Stored data entries:
+--
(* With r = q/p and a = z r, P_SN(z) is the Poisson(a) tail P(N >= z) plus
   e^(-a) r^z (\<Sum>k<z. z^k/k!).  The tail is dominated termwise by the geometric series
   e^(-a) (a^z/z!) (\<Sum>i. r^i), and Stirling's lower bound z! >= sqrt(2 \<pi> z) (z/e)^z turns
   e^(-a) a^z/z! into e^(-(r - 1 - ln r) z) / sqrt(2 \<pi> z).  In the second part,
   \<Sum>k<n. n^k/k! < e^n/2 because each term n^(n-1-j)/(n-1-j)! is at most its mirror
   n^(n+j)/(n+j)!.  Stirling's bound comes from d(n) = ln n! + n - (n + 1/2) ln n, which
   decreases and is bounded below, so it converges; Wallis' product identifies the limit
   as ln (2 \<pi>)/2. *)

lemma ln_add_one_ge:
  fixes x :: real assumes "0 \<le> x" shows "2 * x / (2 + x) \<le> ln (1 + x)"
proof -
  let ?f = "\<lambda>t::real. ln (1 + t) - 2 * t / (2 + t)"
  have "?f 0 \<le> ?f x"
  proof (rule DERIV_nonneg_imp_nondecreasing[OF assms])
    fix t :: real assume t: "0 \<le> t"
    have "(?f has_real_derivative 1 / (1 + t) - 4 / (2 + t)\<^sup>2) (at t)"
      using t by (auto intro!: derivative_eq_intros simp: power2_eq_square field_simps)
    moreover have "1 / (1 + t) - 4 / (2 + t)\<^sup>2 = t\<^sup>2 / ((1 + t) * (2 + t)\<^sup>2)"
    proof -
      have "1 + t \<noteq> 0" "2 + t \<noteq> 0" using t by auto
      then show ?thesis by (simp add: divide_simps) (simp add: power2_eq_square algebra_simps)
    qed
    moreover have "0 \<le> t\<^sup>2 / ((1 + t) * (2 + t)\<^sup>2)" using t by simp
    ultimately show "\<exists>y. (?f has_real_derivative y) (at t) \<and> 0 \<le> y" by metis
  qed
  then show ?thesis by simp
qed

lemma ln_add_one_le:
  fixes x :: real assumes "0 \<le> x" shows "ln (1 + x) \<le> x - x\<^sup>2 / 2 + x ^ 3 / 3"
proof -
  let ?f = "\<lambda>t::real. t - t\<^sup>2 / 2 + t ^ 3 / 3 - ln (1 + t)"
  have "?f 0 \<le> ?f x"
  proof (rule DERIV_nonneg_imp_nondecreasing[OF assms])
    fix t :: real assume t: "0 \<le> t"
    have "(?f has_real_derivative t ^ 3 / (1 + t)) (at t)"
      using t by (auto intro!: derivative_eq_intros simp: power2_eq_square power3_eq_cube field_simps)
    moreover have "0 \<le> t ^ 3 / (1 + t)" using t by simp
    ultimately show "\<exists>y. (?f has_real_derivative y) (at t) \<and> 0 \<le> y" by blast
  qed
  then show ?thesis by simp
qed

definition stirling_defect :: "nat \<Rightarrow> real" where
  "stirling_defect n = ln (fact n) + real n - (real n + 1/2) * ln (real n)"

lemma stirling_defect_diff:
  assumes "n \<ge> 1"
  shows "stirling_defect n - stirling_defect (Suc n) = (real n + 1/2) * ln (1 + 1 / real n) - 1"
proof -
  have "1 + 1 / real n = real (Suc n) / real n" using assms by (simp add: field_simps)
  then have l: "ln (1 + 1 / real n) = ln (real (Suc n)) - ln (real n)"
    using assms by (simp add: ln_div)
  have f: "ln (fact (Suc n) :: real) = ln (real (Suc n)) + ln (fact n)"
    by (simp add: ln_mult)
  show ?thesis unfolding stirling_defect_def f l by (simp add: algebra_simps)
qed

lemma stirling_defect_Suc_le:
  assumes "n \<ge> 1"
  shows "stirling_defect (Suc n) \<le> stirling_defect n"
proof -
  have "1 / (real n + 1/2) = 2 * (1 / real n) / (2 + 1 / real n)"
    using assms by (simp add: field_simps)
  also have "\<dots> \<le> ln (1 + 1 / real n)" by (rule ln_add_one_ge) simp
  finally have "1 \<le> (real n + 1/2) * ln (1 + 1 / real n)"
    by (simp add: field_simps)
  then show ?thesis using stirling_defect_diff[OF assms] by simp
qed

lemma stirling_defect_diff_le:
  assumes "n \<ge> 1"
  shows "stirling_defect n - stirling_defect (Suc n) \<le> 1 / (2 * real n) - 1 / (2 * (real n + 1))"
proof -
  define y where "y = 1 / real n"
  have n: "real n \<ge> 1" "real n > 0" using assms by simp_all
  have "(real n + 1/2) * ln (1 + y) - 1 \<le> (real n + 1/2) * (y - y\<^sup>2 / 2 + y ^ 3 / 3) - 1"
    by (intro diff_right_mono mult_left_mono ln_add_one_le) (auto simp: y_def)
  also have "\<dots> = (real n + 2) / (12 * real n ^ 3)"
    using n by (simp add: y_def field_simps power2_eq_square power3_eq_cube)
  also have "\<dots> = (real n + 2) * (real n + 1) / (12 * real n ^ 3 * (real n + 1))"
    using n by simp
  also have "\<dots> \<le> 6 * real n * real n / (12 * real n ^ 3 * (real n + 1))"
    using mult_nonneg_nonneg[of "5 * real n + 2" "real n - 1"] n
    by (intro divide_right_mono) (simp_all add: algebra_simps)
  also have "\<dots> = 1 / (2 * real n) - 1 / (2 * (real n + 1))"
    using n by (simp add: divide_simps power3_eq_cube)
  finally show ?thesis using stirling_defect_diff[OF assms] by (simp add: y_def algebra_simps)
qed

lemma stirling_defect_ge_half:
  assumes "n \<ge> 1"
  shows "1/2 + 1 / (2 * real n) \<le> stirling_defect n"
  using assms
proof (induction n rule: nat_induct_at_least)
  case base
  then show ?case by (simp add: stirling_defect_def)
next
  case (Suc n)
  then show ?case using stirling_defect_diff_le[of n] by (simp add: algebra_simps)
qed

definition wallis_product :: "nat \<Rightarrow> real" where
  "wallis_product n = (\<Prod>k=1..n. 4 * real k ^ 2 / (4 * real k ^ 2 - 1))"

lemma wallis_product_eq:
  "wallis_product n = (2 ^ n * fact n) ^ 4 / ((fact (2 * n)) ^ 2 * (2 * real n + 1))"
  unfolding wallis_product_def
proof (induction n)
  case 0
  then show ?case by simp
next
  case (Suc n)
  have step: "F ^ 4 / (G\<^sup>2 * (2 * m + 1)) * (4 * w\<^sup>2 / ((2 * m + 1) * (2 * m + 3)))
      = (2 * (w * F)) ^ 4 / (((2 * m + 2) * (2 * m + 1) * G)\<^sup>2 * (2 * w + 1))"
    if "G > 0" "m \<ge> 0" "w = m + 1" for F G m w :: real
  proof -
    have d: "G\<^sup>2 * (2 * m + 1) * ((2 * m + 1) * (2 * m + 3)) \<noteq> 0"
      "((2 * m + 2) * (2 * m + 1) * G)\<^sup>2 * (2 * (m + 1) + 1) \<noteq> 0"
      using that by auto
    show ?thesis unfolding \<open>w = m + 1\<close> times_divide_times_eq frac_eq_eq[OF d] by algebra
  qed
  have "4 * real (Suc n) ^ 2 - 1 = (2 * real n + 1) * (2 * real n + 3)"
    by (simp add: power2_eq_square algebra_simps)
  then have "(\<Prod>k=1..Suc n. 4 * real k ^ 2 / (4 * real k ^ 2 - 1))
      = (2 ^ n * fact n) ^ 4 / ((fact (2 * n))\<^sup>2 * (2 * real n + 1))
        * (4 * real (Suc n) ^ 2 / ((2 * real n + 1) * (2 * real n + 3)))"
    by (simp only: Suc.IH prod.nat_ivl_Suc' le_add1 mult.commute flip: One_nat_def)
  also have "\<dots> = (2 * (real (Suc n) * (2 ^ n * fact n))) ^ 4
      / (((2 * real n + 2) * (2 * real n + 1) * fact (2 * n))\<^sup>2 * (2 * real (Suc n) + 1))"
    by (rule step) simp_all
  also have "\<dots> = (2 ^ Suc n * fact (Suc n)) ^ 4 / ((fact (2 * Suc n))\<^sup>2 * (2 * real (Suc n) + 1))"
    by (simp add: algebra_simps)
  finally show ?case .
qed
+--
= Problem requirements =
Set down, word for word, each line from the top of the records above through the line with "e^(-a) r^z (\<Sum>k<z.".

= Answer for the task =
(* With r = q/p and a = z r, P_SN(z) is the Poisson(a) tail P(N >= z) plus
   e^(-a) r^z (\<Sum>k<z. z^k/k!).  The tail is dominated termwise by the geometric series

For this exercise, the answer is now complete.